Man for man I'll do 25x more revenue with a drain machine than your boss will plumbing a new house.


----------



## Oorgnid (Apr 5, 2016)

dhal22 said:


> Man for man I'll do 25x more revenue with a drain machine than your boss will plumbing a new house.


I don’t doubt it. I’ve been trying to talk him into it. He seems like he’s ready to break but I dunno. Same time, I feel like just saving up and doing it myself. He doesn’t know how to bill customers, that’s the problem. He thinks because you can’t open a drain, you can’t charge the customers For
Your time spent. 

I’m constantly charging people three different service call prices. Standard call is $75. Though he said about upping it to $80. So I’ve been charging $80, but then he’ll say $75. Then I’ll ask because he confuses me and if it’s a repeat customer or his friend, he’ll say $60. It’s very hard to just bill someone when your hourly rate jumps around. Oh well.


----------



## Tommy plumber (Feb 19, 2010)

dhal22 said:


> Man for man I'll do 25x more revenue with a drain machine than your boss will plumbing a new house.


 













I agree; with service plumbing repairs we can charge the most. Then with re-models, I can charge a nice price, but not anything close to what I can get per hour doing service {I am flat rate, but if you figure out the hourly rate, it is up there}, and last is new construction; I can get paid, but for all the hours involved, it is no where near what I can earn doing service work which of course includes drain cleaning. Plus with new construction, we have to deal with other subs, permits, inspectors, inspections, and of course the hated general contactor who ALWAYS thinks that the plumber is charging too much money for the simple, little, easy, job which doesn't take much time to do, because after all it's just installing a few pipes.

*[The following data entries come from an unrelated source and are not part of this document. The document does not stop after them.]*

(* Let $(\mathcal{X},\mathcal{E})$ be a measurable space with a positive measure $\mu$, let $\mathcal{K}:\mathcal{X}\times\mathcal{X}\to\mathbb{R}$ be a function, and let $\mathcal{A}$ be a procedure such that for every $k\ge1$ and every $\mathbf{Y}_k=(Y_1,\dots,Y_k)\in\mathcal{X}^k$, $\mathcal{A}(\mathbf{Y}_k)(x)=\frac1k\sum_{i=1}^k\mathcal{K}(x,Y_i)$ for all $x\in\mathcal{X}$, and $\mathcal{A}(\mathbf{Y}_k)$ is a probability density with respect to $\mu$. Let $V\ge2$ and $n=pV$ with $p\ge1$ an integer, let $\mathbf{X}=(X_1,\dots,X_n)\in\mathcal{X}^n$ and partition $\mathbf{X}$ into $V$ disjoint subsamples $\mathbf{X}_1,\dots,\mathbf{X}_V$, each of size $p$, with $\mathbf{X}_j^c=\mathbf{X}\setminus\mathbf{X}_j$. Set $\widehat{s}=\mathcal{A}(\mathbf{X})$ and $\widehat{s}_j=\mathcal{A}(\mathbf{X}_j^c)$. Then for every probability $P_s$ on $\mathcal{X}$, \[ h^2(s,\widehat{s})\le\frac1V\sum_{j=1}^V h^2(s,\widehat{s}_j). \]
   Context: For probabilities $P,Q$ on $\mathcal{X}$, the Hellinger distance is $h(P,Q)=\left[\frac12\int(\sqrt{dP}-\sqrt{dQ})^2\right]^{1/2}$, where $dP,dQ$ are densities with respect to any dominating measure; for a density $t$ with respect to $\mu$ one writes $h(s,t)$ for $h(P_s,t\cdot\mu)$. A procedure is a measurable mapping from $\bigcup_{k\ge1}\mathcal{X}^k$ to the set of probability densities with respect to $\mu$. *)

theory Defs
  imports "HOL-Probability.Probability"
begin

definition sum_meas :: "'a measure \<Rightarrow> 'a measure \<Rightarrow> 'a measure" where
  "sum_meas P Q = measure_of (space P) (sets P) (\<lambda>A. emeasure P A + emeasure Q A)"

definition hellinger_sq :: "'a measure \<Rightarrow> 'a measure \<Rightarrow> real" where
  "hellinger_sq P Q =
    (let \<nu> = sum_meas P Q in
     enn2real ((1/2) * (\<integral>\<^sup>+ x. ennreal ((sqrt (enn2real (RN_deriv \<nu> P x))
                                   - sqrt (enn2real (RN_deriv \<nu> Q x)))\<^sup>2) \<partial>\<nu>)))"

definition prob_density :: "'a measure \<Rightarrow> ('a \<Rightarrow> real) \<Rightarrow> bool" where
  "prob_density \<mu> t \<longleftrightarrow> t \<in> borel_measurable \<mu> \<and> (\<forall>x\<in>space \<mu>. 0 \<le> t x)
      \<and> (\<integral>\<^sup>+ x. ennreal (t x) \<partial>\<mu>) = 1"

end

theory Submission
  imports Defs
begin

text \<open>Each sample point is left out by exactly one block, so the estimator built from
  the whole sample is the average of the V leave-block-out estimators. With densities
  p, q against a common dominating measure, h^2 = 1/2 \<integral> (sqrt p - sqrt q)^2, and
  t \<mapsto> (sqrt a - sqrt t)^2 = a + t - 2 sqrt a sqrt t is convex because sqrt is concave;
  integrating this pointwise Jensen inequality shows that h^2(P, -) is convex along
  mixtures. All densities are taken against P + s\<cdot>\<mu>, where s is the mixture density,
  which dominates P and every mixture component.\<close>

lemma sets_sum_meas [simp]: "sets (sum_meas P Q) = sets P"
  unfolding sum_meas_def by (simp add: sets.sigma_sets_eq)

lemma space_sum_meas [simp]: "space (sum_meas P Q) = space P"
  unfolding sum_meas_def by (simp add: sets.space_closed)

lemma emeasure_sum_meas:
  assumes "sets Q = sets P" "X \<in> sets P"
  shows "emeasure (sum_meas P Q) X = emeasure P X + emeasure Q X"
  unfolding sum_meas_def
proof (rule emeasure_measure_of_sigma)
  show "sigma_algebra (space P) (sets P)" by (rule sets.sigma_algebra_axioms)
  show "positive (sets P) (\<lambda>X. emeasure P X + emeasure Q X)"
    by (simp add: positive_def)
  show "countably_additive (sets P) (\<lambda>X. emeasure P X + emeasure Q X)"
    unfolding countably_additive_def
  proof (intro allI impI)
    fix F :: "nat \<Rightarrow> _" assume F: "range F \<subseteq> sets P" "disjoint_family F"
    then have "range F \<subseteq> sets Q" using assms by simp
    then show "(\<Sum>i. emeasure P (F i) + emeasure Q (F i))
        = emeasure P (\<Union> (range F)) + emeasure Q (\<Union> (range F))"
      using suminf_emeasure[OF F] suminf_emeasure[OF _ F(2)]
      by (simp add: suminf_add[symmetric])
  qed
qed (use assms in auto)

lemma finite_measure_sum_meas:
  assumes "finite_measure P" "finite_measure Q" "sets Q = sets P"
  shows "finite_measure (sum_meas P Q)"
proof (rule finite_measureI)
  have "space Q = space P" using assms(3) by (rule sets_eq_imp_space_eq)
  then show "emeasure (sum_meas P Q) (space (sum_meas P Q)) \<noteq> \<infinity>"
    using assms finite_measure.emeasure_finite[of P "space P"]
      finite_measure.emeasure_finite[of Q "space Q"]
    by (simp add: emeasure_sum_meas)
qed

lemma absolutely_continuous_sum_meas:
  assumes "sets Q = sets P"
  shows "absolutely_continuous (sum_meas P Q) P" and "absolutely_continuous (sum_meas P Q) Q"
  using assms by (auto simp: absolutely_continuous_def null_sets_def emeasure_sum_meas)

lemma sum_meas_density:
  fixes p q :: "'a \<Rightarrow> real"
  assumes "p \<in> borel_measurable L" "q \<in> borel_measurable L"
    and "\<And>x. x \<in> space L \<Longrightarrow> 0 \<le> p x" "\<And>x. x \<in> space L \<Longrightarrow> 0 \<le> q x"
  shows "sum_meas (density L p) (density L q) = density L (\<lambda>x. p x + q x)"
proof (rule measure_eqI)
  fix X assume "X \<in> sets (sum_meas (density L p) (density L q))"
  then have X: "X \<in> sets L" by simp
  have "emeasure (sum_meas (density L p) (density L q)) X
      = (\<integral>\<^sup>+ x. ennreal (p x) * indicator X x \<partial>L) + (\<integral>\<^sup>+ x. ennreal (q x) * indicator X x \<partial>L)"
    using X assms by (simp add: emeasure_sum_meas emeasure_density)
  also have "\<dots> = (\<integral>\<^sup>+ x. ennreal (p x + q x) * indicator X x \<partial>L)"
    using X assms
    by (subst nn_integral_add[symmetric]) (auto intro!: nn_integral_cong simp: distrib_right)
  also have "\<dots> = emeasure (density L (\<lambda>x. p x + q x)) X"
    using X assms by (simp add: emeasure_density)
  finally show "emeasure (sum_meas (density L p) (density L q)) X
      = emeasure (density L (\<lambda>x. p x + q x)) X" .
qed simp

lemma density_enn2real_RN_deriv:
  assumes "sigma_finite_measure L" "finite_measure N"
    and "absolutely_continuous L N" "sets N = sets L"
  shows "density L (\<lambda>x. enn2real (RN_deriv L N x)) = N"
proof -
  interpret L: sigma_finite_measure L by fact
  have "AE x in L. RN_deriv L N x \<noteq> \<infinity>"
    using L.RN_deriv_finite[OF finite_measure.sigma_finite_measure] assms by blast
  then have "density L (\<lambda>x. enn2real (RN_deriv L N x)) = density L (RN_deriv L N)"
    by (intro density_cong) (auto simp: less_top elim!: AE_mp)
  also have "\<dots> = N"
    using assms by (intro L.density_RN_deriv)
  finally show ?thesis .
qed

lemma finite_measures_common_density:
  assumes "finite_measure P" "finite_measure Q" "sets Q = sets P"
  obtains L :: "'a measure" and p q :: "'a \<Rightarrow> real"
  where "sets L = sets P" "p \<in> borel_measurable L" "\<And>x. 0 \<le> p x"
    "q \<in> borel_measurable L" "\<And>x. 0 \<le> q x" "P = density L p" "Q = density L q"
proof -
  define L where "L = sum_meas P Q"
  have "sigma_finite_measure L"
    unfolding L_def using assms
    by (intro finite_measure.sigma_finite_measure finite_measure_sum_meas)
  then have "P = density L (\<lambda>x. enn2real (RN_deriv L P x))"
    and "Q = density L (\<lambda>x. enn2real (RN_deriv L Q x))"
    unfolding L_def using assms absolutely_continuous_sum_meas
    by (auto intro!: density_enn2real_RN_deriv[symmetric])
  then show thesis
    by (intro that[of L]) (auto simp: L_def)
qed

lemma density_eq_density_ratio:
  fixes s m f :: "'a \<Rightarrow> real"
  assumes sets: "sets N = sets M" and eq: "density M s = density N m"
    and s: "s \<in> borel_measurable M" "\<And>x. x \<in> space M \<Longrightarrow> 0 \<le> s x"
    and m: "m \<in> borel_measurable N" "\<And>x. x \<in> space N \<Longrightarrow> 0 \<le> m x"
    and f: "f \<in> borel_measurable M" "\<And>x. x \<in> space M \<Longrightarrow> 0 \<le> f x"
    and f_zero: "\<And>x. x \<in> space M \<Longrightarrow> s x = 0 \<Longrightarrow> f x = 0"
  shows "density M f = density N (\<lambda>x. m x * (f x / s x))"
proof -
  have space: "space N = space M" using sets by (rule sets_eq_imp_space_eq)
  have r: "(\<lambda>x. f x / s x) \<in> borel_measurable M" using f s by measurable
  then have rN: "(\<lambda>x. f x / s x) \<in> borel_measurable N" using sets by simp
  have r_nonneg: "0 \<le> f x / s x" if "x \<in> space M" for x using that f s by simp
  have "density M f = density M (\<lambda>x. ennreal (s x) * ennreal (f x / s x))"
    using f s r_nonneg f_zero
    by (intro density_cong) (auto intro!: AE_I2 simp flip: ennreal_mult'')
  also have "\<dots> = density (density M s) (\<lambda>x. ennreal (f x / s x))"
    using s r by (intro density_density_eq[symmetric]) auto
  also have "\<dots> = density N (\<lambda>x. ennreal (m x) * ennreal (f x / s x))"
    unfolding eq using m rN by (intro density_density_eq) auto
  also have "\<dots> = density N (\<lambda>x. m x * (f x / s x))"
  proof (rule density_cong)
    show "AE x in N. ennreal (m x) * ennreal (f x / s x) = ennreal (m x * (f x / s x))"
      using m(2) space by (intro AE_I2 ennreal_mult'[symmetric]) auto
  qed (use m(1) rN in measurable)
  finally show ?thesis .
qed

lemma prob_density_iff_prob_space:
  fixes f :: "'a \<Rightarrow> real"
  assumes "f \<in> borel_measurable L" "\<And>x. x \<in> space L \<Longrightarrow> 0 \<le> f x"
  shows "prob_density L f \<longleftrightarrow> prob_space (density L f)"
proof -
  have "emeasure (density L f) (space (density L f)) = (\<integral>\<^sup>+ x. f x \<partial>L)"
    using assms(1) by (auto simp: emeasure_density intro!: nn_integral_cong)
  then show ?thesis
    using assms unfolding prob_density_def
    by (auto intro: prob_spaceI dest: prob_space.emeasure_space_1)
qed

lemma prob_density_imp_prob_space:
  assumes "prob_density L f"
  shows "prob_space (density L f)"
  using prob_density_iff_prob_space[of f L] assms by (simp add: prob_density_def)

lemma prob_density_density_eq:
  fixes f g :: "'a \<Rightarrow> real"
  assumes "prob_density M f" "density M f = density N g"
    and "g \<in> borel_measurable N" "\<And>x. x \<in> space N \<Longrightarrow> 0 \<le> g x"
  shows "prob_density N g"
  using assms prob_density_imp_prob_space[OF assms(1)] by (simp add: prob_density_iff_prob_space)

lemma prob_density_integral:
  fixes f :: "'a \<Rightarrow> real"
  assumes "prob_density L f"
  shows "integrable L f" and "integral\<^sup>L L f = 1"
proof -
  show int: "integrable L f"
    using assms unfolding prob_density_def by (intro integrableI_nonneg) auto
  have "ennreal (integral\<^sup>L L f) = 1"
    using assms nn_integral_eq_integral[OF int] unfolding prob_density_def by auto
  then show "integral\<^sup>L L f = 1" by simp
qed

With drain cleaning, as a general rule, there is no material used off the truck. So no trips to the supply house to re-stock the truck.

Show up, clear the stoppage, collect and you are the hero who saved the day.

I love new construction plumbing, that is what I first did in this trade, but I prefer to deal directly with a homeowner, resolve the problem, leave them with a good taste about my company and move on to the next service call.


----------